In 2001, Alianza Lima won the Apertura tournament, but their performance in the Clausura tournament suffered and placed a shocking 10th place—which led to a rule change. A tournament-winning team had to place above a set place in order to be able to play the final.
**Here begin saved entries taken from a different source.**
(* Let $\delta>0$, $\nu\ge\frac32+\delta$, and let $K$ be either of the following integral operators on $\mathbb R_+=(0,\infty)$, $Ku(x)=\int_0^\infty k(x,y)u(y)\,dy$: (i) $k(x,y)=\frac1{2\nu}(y/x)^{\nu}(xy)^{1/2}$ for $y\le x$ and $k(x,y)=\frac1{2\nu}(y/x)^{-\nu}(xy)^{1/2}$ for $x\le y$; or (ii) for some $\beta>0$, $k(x,y)=(xy)^{1/2}I_\nu(\beta y)K_\nu(\beta x)$ for $y\le x$ and $k(x,y)=(xy)^{1/2}I_\nu(\beta x)K_\nu(\beta y)$ for $x\le y$, with $I_\nu,K_\nu$ the modified Bessel functions. Then for every $u\in L^2(\mathbb R_+)$ with support in $[0,1]$, $Ku$ satisfies, for $x\in(0,\infty)$, \[ |Ku(x)|\le\frac C\nu\|u\|_{L^2}\,x^{-1-\delta},\qquad|(x\partial_x)Ku(x)|\le C\|u\|_{L^2}\,x^{-1-\delta}, \] with a constant $C>0$ independent of $u$ and $\nu$. *)

theory Defs
  imports "HOL-Analysis.Analysis"
begin

definition besselI :: "real \<Rightarrow> real \<Rightarrow> real" where
  "besselI \<nu> z = (\<Sum>m. (z / 2) powr (2 * real m + \<nu>) / (fact m * Gamma (real m + \<nu> + 1)))"

text \<open>Modified Bessel function of the second kind, K_nu(z) for z > 0
  (standard integral representation, DLMF 10.32.9).\<close>
definition besselK :: "real \<Rightarrow> real \<Rightarrow> real" where
  "besselK \<nu> z = (LINT t:{0..}|lborel. exp (- z * cosh t) * cosh (\<nu> * t))"

definition kernel1 :: "real \<Rightarrow> real \<Rightarrow> real \<Rightarrow> real" where
  "kernel1 \<nu> x y =
     (if y \<le> x then 1 / (2 * \<nu>) * (y / x) powr \<nu> * sqrt (x * y)
      else 1 / (2 * \<nu>) * (y / x) powr (- \<nu>) * sqrt (x * y))"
In the cases of the seasons of 2002, 2007 and 2008, one or both of the tournament winners failed to place above a set position therefore no final was played and the season champion was determined by the aggregate table or by the tournament winner that had satisfied the set conditions.

===Key===

| Match went to extra time † |
| Match decided by a penalty shootout after extra time |
| Match replayed |

===List of finals===

| Year | Winner | Score | Runner-up | Venue |  |  |
|---|---|---|---|---|---|---|
| 1986 | San Agustín | 1–0 | Alianza Lima | Estadio Nacional |  |  |
| 1987 | Universitario de Deportes | 1–0 | Alianza Lima | Estadio Nacional |  |  |
| 1988 | Sporting Cristal | 2–1 | Universitario de Deportes | Estadio Nacional |  |  |
| 1989 | Unión Huaral | 1–0 | Sporting Cristal | Estadio Nacional |  |  |
| 1990 | Universitario de Deportes | 4–2 | Sport Boys | Estadio Nacional |  |  |
| Year | Winner | Agg. | Runner-up | 1st leg | 2nd leg | 3rd leg |
| 1998 | Universitario de Deportes | 3–3 (4–2 p) | Sporting Cristal | 1–2 | 2–1 | – |
| 1999 | Universitario de Deportes | 3–1 | Alianza Lima | 3–0 | 0–1 | – |
| 2001 | Alianza Lima | 3–3 (4–2 p) | Cienciano | 3–2 | 0–1 | – |
| 2003 | Alianza Lima | 2–1^{†} | Sporting Cristal | Single match |  |  |
| 2004 | Alianza Lima | 0–0* | Sporting Cristal | Single match |  |  |
| 2005 | Sporting Cristal | 1–0 | Cienciano | Single match |  |  |
| 2006 | Alianza Lima | 3–2 | Cienciano | 0–1 | 3–1 | – |
| 2009 | Universitario de Deportes | 2–0 | Alianza Lima | 1–0 | 1–0 | – |
| 2010 | Universidad San Martín | 3–2 | León de Huánuco | 1–1 | 2–1 | – |
| 2011 | Juan Aurich | 2–2* | Alianza Lima | 1–2 | 0–1 | 0–0 |
| 2012 | Sporting Cristal | 2–0 | Real Garcilaso | 1–0 | 1–0 | – |
| 2013 | Universitario de Deportes | 5–3* | Real Garcilaso | 2–3 | 3–0 | 1–1 |
| 2014 | Sporting Cristal | 5–4 | Juan Aurich | 2–2 | 0–0 | 3–2 |
| 2015 | Melgar | 5–4 | Sporting Cristal | 2–2 | 3–2 | – |
| 2016 | Sporting Cristal | 1–1 | Melgar | 1–1 | 0–0 | – |
| 2018 | Sporting Cristal | 7–1 | Alianza Lima | 4–1 | 3–0 | – |
| 2019 | Binacional | 4–3 | Alianza Lima | 4–1 | 0–2 | – |
| 2020 | Sporting Cristal | 3–2 | Universitario de Deportes | 2–1 | 1–1 | – |
| 2021 | Alianza Lima | 1–0 | Sporting Cristal | 1–0 | 0–0 | – |
| 2022 | Alianza Lima | 2–1 | Melgar | 0–1 | 2–0 | – |
| 2023 | Universitario de Deportes | 3–1 | Alianza Lima | 1–1 | 2–0 | – |

===Other definitions===
These matches were played when teams were tied for first in the general league or in a specific tournament.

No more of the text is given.